### Instructions for the task
Extract all of the data and reproduce it precisely.

### Extracted information

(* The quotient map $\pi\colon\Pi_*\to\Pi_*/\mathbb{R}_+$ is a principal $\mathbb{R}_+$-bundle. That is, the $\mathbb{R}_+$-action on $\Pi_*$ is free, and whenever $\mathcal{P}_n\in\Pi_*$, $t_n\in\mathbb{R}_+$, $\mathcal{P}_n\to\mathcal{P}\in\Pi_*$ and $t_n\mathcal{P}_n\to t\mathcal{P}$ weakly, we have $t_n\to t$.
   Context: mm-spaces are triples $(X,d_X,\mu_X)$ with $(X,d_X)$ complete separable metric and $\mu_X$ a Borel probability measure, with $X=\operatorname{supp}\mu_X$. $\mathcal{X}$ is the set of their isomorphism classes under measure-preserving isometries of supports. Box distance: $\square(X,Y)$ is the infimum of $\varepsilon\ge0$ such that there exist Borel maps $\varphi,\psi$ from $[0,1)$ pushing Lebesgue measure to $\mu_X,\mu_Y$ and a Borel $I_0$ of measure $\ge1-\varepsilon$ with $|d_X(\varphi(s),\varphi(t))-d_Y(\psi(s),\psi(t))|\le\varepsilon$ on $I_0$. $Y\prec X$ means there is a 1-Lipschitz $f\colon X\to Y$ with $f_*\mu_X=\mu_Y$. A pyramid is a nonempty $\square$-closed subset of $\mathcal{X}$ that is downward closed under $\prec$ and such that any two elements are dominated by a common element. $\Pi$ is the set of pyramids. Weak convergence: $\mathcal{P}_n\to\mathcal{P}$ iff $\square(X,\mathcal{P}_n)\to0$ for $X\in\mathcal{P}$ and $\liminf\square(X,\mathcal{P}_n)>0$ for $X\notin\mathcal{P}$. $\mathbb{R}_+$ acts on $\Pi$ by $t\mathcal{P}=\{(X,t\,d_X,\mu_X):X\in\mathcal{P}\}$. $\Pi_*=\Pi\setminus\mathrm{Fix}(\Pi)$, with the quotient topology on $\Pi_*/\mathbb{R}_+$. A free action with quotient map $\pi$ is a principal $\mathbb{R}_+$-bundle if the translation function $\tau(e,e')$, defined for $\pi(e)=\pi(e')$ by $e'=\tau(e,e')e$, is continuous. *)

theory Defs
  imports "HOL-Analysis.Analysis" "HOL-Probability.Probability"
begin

### Exercise result
(* The quotient map $\pi\colon\Pi_*\to\Pi_*/\mathbb{R}_+$ is a principal $\mathbb{R}_+$-bundle. That is, the $\mathbb{R}_+$-action on $\Pi_*$ is free, and whenever $\mathcal{P}_n\in\Pi_*$, $t_n\in\mathbb{R}_+$, $\mathcal{P}_n\to\mathcal{P}\in\Pi_*$ and $t_n\mathcal{P}_n\to t\mathcal{P}$ weakly, we have $t_n\to t$.
   Context: mm-spaces are triples $(X,d_X,\mu_X)$ with $(X,d_X)$ complete separable metric and $\mu_X$ a Borel probability measure, with $X=\operatorname{supp}\mu_X$. $\mathcal{X}$ is the set of their isomorphism classes under measure-preserving isometries of supports. Box distance: $\square(X,Y)$ is the infimum of $\varepsilon\ge0$ such that there exist Borel maps $\varphi,\psi$ from $[0,1)$ pushing Lebesgue measure to $\mu_X,\mu_Y$ and a Borel $I_0$ of measure $\ge1-\varepsilon$ with $|d_X(\varphi(s),\varphi(t))-d_Y(\psi(s),\psi(t))|\le\varepsilon$ on $I_0$. $Y\prec X$ means there is a 1-Lipschitz $f\colon X\to Y$ with $f_*\mu_X=\mu_Y$. A pyramid is a nonempty $\square$-closed subset of $\mathcal{X}$ that is downward closed under $\prec$ and such that any two elements are dominated by a common element. $\Pi$ is the set of pyramids. Weak convergence: $\mathcal{P}_n\to\mathcal{P}$ iff $\square(X,\mathcal{P}_n)\to0$ for $X\in\mathcal{P}$ and $\liminf\square(X,\mathcal{P}_n)>0$ for $X\notin\mathcal{P}$. $\mathbb{R}_+$ acts on $\Pi$ by $t\mathcal{P}=\{(X,t\,d_X,\mu_X):X\in\mathcal{P}\}$. $\Pi_*=\Pi\setminus\mathrm{Fix}(\Pi)$, with the quotient topology on $\Pi_*/\mathbb{R}_+$. A free action with quotient map $\pi$ is a principal $\mathbb{R}_+$-bundle if the translation function $\tau(e,e')$, defined for $\pi(e)=\pi(e')$ by $e'=\tau(e,e')e$, is continuous. *)

theory Defs
  imports "HOL-Analysis.Analysis" "HOL-Probability.Probability"
begin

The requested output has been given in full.